Description of the task
Within the listing below, please copy exactly the lines between the line holding "by (induction k arbitrary: n) (simp_all add: left_diff_distrib)" and the line holding "(* Let $H$ be", inclusive.

---------- Input data ----------

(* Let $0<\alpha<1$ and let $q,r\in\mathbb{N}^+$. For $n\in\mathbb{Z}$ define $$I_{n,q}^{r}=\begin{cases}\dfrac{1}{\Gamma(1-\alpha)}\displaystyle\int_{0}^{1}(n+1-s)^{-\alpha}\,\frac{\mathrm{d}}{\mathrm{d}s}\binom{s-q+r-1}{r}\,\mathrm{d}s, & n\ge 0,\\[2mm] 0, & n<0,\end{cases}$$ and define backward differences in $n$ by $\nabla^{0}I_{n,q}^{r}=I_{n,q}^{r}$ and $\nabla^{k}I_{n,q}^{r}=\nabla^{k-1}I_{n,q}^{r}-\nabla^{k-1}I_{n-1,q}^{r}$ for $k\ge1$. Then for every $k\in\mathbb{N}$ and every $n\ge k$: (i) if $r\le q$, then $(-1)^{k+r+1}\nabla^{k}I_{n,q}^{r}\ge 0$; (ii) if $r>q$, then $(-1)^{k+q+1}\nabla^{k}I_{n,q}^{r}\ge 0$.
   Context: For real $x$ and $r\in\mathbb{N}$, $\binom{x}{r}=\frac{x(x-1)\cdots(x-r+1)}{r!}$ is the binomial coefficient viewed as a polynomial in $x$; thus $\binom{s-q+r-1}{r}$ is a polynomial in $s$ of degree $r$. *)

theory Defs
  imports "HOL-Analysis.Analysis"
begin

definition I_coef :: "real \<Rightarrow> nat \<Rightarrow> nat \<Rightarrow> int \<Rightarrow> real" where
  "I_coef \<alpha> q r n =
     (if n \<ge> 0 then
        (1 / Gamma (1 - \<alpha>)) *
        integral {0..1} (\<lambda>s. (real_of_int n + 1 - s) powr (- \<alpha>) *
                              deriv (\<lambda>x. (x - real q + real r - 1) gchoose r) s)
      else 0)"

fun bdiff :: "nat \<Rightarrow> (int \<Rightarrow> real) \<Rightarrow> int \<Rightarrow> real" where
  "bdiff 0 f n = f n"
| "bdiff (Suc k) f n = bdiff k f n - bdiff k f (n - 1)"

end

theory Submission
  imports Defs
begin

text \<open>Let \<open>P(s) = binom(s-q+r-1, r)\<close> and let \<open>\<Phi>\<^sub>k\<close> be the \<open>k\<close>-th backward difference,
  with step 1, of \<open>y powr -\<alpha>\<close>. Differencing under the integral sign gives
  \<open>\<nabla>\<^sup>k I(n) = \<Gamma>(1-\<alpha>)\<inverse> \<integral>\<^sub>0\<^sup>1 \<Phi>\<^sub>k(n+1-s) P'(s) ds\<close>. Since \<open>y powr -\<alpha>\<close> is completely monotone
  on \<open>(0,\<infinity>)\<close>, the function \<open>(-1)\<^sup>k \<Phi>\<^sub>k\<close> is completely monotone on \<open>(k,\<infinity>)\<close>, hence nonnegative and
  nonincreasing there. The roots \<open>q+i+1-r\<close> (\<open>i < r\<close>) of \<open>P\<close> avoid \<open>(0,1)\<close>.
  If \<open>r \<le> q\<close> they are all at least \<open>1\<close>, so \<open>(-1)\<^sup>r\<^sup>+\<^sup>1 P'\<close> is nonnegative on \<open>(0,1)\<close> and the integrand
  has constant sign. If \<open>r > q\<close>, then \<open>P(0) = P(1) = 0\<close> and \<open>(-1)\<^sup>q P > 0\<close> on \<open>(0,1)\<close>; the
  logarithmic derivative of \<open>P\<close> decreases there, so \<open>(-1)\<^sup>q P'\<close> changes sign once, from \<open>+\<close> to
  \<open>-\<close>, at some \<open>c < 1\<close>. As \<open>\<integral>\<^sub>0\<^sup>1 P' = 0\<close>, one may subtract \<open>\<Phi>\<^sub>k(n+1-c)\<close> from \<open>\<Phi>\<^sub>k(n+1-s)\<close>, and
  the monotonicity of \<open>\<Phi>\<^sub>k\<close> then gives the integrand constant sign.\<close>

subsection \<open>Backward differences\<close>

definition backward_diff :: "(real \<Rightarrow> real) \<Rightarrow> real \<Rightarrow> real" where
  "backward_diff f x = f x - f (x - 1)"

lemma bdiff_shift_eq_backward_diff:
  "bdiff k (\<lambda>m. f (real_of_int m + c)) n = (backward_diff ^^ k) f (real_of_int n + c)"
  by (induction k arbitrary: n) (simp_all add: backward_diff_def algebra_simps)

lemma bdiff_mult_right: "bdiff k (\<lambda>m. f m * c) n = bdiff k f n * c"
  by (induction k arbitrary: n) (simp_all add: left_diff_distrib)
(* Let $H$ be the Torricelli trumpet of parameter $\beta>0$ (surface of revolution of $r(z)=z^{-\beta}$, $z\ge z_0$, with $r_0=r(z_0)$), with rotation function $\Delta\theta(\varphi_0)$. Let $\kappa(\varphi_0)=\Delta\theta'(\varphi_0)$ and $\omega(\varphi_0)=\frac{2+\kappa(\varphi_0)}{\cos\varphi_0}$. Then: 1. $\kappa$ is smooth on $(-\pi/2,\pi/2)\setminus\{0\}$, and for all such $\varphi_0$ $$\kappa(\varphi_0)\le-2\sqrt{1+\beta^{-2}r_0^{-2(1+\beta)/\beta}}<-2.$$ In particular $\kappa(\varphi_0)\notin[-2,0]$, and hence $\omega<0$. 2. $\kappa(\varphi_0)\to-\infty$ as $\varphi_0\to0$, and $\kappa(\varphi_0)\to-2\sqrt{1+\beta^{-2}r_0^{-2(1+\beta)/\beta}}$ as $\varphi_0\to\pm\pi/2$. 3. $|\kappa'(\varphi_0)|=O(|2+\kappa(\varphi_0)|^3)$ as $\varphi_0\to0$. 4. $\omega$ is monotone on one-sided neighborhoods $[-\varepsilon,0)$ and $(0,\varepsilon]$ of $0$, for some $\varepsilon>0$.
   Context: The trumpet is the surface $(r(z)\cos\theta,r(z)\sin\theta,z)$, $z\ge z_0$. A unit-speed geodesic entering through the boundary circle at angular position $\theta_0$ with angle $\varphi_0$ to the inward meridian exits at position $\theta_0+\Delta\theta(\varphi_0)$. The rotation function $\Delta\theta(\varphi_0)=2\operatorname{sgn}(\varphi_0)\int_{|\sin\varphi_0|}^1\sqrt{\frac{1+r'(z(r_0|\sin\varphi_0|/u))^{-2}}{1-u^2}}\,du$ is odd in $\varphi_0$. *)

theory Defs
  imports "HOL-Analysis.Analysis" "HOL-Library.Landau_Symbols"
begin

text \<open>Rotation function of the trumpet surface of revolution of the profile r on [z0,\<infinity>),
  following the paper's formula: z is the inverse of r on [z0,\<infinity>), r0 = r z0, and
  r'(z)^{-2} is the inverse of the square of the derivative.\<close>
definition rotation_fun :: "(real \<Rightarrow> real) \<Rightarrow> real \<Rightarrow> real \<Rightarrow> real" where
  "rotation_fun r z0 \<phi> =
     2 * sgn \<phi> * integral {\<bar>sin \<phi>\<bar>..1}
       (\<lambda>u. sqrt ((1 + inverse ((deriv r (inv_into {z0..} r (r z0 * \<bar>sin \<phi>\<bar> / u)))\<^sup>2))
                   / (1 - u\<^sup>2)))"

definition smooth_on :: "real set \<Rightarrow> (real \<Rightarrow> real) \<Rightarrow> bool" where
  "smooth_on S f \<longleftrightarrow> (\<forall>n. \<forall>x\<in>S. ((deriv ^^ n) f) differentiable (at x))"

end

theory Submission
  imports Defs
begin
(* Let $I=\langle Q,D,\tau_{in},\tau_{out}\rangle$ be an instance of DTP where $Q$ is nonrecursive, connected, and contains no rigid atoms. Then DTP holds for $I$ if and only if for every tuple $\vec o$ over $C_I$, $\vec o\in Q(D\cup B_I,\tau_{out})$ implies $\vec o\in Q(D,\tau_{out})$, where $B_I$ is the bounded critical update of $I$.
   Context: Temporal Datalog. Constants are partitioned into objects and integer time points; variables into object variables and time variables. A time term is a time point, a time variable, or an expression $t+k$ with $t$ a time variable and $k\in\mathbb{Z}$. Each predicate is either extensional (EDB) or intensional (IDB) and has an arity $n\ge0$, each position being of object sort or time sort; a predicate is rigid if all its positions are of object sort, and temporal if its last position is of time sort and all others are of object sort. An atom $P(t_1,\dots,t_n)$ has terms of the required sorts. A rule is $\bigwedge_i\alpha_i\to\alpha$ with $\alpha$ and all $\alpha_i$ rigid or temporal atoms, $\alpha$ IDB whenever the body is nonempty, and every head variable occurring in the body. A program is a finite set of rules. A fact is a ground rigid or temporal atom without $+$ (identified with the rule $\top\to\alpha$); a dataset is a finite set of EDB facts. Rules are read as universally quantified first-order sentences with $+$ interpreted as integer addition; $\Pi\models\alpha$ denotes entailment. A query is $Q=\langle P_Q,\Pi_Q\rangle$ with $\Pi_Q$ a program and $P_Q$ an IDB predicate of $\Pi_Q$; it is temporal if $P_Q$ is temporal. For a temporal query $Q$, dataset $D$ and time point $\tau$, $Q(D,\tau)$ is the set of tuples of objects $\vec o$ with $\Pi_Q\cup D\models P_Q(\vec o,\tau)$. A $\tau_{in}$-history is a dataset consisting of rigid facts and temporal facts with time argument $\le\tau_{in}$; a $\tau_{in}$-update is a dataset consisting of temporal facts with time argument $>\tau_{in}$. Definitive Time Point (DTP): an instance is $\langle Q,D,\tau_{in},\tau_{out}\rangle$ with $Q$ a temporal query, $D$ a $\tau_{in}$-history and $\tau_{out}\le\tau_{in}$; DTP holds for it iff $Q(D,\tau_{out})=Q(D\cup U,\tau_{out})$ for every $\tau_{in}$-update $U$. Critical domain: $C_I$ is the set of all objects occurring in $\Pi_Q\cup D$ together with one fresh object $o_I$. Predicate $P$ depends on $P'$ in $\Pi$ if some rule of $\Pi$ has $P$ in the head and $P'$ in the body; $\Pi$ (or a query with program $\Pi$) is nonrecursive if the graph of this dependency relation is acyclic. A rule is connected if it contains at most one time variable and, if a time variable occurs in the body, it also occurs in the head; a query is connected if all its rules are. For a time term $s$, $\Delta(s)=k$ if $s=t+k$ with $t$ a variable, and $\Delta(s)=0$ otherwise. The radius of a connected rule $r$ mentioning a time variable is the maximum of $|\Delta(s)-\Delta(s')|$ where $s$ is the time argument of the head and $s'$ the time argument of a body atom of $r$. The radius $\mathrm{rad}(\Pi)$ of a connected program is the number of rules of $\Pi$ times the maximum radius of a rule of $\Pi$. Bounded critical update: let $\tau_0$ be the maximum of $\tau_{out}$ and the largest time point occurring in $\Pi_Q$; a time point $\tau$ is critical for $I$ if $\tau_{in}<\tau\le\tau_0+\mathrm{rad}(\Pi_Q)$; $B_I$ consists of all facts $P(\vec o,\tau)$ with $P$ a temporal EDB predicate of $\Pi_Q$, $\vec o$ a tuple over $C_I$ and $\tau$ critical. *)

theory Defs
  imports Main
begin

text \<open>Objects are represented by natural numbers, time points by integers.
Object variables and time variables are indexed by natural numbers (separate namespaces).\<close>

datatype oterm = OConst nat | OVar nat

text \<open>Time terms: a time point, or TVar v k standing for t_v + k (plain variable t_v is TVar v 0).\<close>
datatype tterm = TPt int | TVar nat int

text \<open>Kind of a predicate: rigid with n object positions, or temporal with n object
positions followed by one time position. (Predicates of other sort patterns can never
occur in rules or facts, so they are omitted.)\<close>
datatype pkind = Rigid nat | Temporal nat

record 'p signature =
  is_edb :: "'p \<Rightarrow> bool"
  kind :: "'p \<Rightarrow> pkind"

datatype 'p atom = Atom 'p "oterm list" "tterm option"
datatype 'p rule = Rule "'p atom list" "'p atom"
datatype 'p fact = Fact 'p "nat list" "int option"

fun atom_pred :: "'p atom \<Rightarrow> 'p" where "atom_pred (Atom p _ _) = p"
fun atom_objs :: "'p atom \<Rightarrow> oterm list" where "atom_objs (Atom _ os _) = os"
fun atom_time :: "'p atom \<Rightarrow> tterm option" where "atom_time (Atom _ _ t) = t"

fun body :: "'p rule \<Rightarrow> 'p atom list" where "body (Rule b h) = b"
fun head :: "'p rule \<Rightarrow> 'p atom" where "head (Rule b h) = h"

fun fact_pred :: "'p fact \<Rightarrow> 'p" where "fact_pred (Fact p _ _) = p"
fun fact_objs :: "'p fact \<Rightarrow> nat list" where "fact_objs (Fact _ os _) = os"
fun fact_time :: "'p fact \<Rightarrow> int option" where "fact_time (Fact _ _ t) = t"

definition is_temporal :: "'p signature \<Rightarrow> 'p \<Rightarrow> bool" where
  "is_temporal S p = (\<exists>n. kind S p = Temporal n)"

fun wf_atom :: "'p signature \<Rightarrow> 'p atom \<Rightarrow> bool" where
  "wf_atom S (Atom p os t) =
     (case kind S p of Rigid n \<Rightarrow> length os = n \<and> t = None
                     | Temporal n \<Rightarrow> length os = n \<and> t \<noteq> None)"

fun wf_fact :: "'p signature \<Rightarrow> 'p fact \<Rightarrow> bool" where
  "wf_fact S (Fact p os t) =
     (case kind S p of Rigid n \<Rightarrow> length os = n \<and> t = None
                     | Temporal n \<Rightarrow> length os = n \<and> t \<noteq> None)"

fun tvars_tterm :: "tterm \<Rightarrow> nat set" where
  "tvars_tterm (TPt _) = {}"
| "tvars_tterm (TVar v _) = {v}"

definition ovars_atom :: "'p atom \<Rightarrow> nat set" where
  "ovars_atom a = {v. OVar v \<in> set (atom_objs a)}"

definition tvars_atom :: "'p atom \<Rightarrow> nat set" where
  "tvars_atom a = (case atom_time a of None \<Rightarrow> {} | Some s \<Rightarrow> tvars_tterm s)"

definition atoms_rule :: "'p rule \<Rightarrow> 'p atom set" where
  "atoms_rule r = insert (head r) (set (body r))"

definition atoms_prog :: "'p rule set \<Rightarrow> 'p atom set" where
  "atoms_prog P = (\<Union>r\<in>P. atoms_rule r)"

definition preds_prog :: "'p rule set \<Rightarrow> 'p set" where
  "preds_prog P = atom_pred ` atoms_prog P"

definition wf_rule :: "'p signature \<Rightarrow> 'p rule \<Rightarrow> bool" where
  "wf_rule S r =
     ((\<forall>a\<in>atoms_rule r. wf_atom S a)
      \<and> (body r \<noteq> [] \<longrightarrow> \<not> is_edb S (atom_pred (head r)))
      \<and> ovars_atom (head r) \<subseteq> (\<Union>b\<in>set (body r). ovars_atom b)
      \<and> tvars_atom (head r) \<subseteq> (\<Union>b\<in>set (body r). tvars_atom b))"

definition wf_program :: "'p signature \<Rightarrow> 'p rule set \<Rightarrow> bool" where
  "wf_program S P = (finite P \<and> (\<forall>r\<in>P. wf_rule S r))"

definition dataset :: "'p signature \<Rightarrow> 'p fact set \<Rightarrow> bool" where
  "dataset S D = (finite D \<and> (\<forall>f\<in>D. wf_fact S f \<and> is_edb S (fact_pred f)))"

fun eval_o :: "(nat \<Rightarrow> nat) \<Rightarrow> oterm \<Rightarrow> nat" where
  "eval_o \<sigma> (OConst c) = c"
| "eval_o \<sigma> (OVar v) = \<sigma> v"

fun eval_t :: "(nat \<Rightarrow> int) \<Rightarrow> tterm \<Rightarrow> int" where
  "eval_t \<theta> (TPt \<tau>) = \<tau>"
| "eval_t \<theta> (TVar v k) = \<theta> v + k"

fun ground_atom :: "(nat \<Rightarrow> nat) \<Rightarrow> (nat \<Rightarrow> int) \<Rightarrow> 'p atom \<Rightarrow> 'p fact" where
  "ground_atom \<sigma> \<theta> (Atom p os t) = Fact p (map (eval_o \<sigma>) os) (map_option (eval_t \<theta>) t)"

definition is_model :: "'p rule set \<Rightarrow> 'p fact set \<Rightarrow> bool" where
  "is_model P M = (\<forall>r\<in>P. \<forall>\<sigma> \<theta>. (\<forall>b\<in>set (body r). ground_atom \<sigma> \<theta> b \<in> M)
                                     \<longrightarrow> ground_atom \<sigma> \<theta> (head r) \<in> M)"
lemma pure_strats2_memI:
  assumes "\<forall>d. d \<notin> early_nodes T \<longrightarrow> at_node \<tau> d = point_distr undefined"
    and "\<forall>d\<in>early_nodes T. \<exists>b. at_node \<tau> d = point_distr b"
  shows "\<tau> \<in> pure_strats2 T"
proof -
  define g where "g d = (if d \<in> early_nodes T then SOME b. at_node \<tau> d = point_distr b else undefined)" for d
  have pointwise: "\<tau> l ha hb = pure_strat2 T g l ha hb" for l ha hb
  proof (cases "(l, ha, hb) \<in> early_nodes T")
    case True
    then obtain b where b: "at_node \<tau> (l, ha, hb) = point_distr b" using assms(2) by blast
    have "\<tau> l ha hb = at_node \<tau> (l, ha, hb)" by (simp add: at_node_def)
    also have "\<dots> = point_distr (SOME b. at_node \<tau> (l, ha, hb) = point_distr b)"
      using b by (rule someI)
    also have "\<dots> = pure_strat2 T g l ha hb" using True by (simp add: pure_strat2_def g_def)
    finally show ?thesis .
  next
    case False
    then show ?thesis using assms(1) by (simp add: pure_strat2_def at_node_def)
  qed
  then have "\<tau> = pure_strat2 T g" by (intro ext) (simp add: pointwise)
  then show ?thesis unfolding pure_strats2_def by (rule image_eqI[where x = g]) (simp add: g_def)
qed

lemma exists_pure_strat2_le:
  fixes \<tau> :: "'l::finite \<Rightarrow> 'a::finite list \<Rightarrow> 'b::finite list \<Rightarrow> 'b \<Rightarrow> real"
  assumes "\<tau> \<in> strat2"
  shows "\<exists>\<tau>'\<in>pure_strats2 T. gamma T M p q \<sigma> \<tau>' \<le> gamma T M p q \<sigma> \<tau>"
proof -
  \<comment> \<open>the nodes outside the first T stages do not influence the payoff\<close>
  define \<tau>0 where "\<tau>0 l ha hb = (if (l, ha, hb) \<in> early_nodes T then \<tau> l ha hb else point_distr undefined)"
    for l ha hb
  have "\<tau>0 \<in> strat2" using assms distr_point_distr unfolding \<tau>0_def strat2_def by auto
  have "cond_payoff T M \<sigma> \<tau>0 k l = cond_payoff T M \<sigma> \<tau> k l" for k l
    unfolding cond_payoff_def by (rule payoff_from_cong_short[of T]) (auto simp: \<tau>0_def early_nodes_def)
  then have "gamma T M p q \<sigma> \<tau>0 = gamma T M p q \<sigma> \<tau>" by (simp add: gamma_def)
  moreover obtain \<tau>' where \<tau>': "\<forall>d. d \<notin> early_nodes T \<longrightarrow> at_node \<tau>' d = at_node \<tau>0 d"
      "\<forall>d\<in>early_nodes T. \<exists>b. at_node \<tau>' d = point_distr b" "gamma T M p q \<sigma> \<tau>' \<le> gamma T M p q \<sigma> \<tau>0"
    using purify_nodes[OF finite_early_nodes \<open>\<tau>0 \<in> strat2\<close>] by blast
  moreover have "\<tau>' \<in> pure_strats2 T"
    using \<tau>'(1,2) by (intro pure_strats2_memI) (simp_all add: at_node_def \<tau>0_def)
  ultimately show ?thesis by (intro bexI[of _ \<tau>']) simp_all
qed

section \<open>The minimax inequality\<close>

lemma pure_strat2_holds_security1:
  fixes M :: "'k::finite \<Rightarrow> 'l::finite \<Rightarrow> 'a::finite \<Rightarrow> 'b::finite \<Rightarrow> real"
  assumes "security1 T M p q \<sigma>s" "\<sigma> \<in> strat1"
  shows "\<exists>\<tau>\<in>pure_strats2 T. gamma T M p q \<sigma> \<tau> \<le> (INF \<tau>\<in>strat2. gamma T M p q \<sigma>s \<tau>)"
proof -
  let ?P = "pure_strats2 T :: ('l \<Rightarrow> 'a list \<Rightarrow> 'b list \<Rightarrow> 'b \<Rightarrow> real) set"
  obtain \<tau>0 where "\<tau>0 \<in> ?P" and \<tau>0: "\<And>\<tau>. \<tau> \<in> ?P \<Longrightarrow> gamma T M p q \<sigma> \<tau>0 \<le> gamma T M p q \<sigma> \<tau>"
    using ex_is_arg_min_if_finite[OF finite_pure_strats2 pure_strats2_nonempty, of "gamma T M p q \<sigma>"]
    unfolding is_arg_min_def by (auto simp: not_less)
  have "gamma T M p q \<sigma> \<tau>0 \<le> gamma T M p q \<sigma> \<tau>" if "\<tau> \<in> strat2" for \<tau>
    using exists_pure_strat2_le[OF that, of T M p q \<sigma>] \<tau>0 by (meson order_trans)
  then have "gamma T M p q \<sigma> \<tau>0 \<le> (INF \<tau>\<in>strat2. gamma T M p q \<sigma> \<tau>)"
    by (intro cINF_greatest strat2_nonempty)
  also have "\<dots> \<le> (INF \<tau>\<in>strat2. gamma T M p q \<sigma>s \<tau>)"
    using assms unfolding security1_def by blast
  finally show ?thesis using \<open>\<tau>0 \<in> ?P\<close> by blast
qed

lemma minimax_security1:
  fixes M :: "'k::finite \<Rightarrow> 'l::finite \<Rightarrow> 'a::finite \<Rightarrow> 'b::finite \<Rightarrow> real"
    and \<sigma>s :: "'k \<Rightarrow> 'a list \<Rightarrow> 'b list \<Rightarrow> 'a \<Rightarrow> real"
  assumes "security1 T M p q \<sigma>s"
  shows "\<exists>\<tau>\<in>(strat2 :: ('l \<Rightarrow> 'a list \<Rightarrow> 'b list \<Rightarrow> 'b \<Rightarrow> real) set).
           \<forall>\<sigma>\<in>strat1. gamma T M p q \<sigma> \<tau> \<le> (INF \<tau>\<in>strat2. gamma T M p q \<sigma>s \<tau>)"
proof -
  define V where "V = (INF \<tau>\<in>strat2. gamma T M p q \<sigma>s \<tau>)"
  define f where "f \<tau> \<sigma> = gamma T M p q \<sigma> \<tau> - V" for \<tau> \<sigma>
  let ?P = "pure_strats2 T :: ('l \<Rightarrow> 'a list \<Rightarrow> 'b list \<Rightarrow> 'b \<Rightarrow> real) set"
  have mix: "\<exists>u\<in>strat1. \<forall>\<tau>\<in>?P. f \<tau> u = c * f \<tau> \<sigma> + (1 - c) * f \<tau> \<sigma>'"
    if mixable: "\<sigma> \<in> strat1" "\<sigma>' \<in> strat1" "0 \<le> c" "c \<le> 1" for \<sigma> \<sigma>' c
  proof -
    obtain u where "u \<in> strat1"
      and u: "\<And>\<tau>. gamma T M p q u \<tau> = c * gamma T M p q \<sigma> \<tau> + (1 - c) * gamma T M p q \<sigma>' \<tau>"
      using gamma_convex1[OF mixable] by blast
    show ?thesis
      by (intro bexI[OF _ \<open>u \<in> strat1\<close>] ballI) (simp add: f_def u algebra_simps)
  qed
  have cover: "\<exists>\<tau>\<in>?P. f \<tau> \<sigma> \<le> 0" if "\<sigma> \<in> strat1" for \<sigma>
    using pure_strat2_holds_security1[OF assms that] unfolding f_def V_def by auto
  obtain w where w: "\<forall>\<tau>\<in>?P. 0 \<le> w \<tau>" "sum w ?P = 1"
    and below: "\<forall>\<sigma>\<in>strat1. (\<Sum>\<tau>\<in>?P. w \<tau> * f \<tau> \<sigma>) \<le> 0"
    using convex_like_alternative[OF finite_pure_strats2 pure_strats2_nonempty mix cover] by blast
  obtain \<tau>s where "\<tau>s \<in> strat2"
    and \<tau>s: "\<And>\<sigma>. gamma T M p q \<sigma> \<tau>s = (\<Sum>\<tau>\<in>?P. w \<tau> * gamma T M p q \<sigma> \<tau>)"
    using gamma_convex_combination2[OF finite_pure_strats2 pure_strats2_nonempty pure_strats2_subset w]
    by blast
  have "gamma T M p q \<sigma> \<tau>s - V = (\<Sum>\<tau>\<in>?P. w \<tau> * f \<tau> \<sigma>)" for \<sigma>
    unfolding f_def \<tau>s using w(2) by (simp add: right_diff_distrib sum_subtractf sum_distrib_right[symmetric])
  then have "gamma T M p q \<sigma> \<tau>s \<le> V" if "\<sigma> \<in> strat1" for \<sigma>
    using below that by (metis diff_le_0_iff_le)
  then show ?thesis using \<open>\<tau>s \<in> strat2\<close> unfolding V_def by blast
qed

----------

Exercise response
  by (induction k arbitrary: n) (simp_all add: left_diff_distrib)
(* Let $H$ be the Torricelli trumpet of parameter $\beta>0$ (surface of revolution of $r(z)=z^{-\beta}$, $z\ge z_0$, with $r_0=r(z_0)$), with rotation function $\Delta\theta(\varphi_0)$. Let $\kappa(\varphi_0)=\Delta\theta'(\varphi_0)$ and $\omega(\varphi_0)=\frac{2+\kappa(\varphi_0)}{\cos\varphi_0}$. Then: 1. $\kappa$ is smooth on $(-\pi/2,\pi/2)\setminus\{0\}$, and for all such $\varphi_0$ $$\kappa(\varphi_0)\le-2\sqrt{1+\beta^{-2}r_0^{-2(1+\beta)/\beta}}<-2.$$ In particular $\kappa(\varphi_0)\notin[-2,0]$, and hence $\omega<0$. 2. $\kappa(\varphi_0)\to-\infty$ as $\varphi_0\to0$, and $\kappa(\varphi_0)\to-2\sqrt{1+\beta^{-2}r_0^{-2(1+\beta)/\beta}}$ as $\varphi_0\to\pm\pi/2$. 3. $|\kappa'(\varphi_0)|=O(|2+\kappa(\varphi_0)|^3)$ as $\varphi_0\to0$. 4. $\omega$ is monotone on one-sided neighborhoods $[-\varepsilon,0)$ and $(0,\varepsilon]$ of $0$, for some $\varepsilon>0$.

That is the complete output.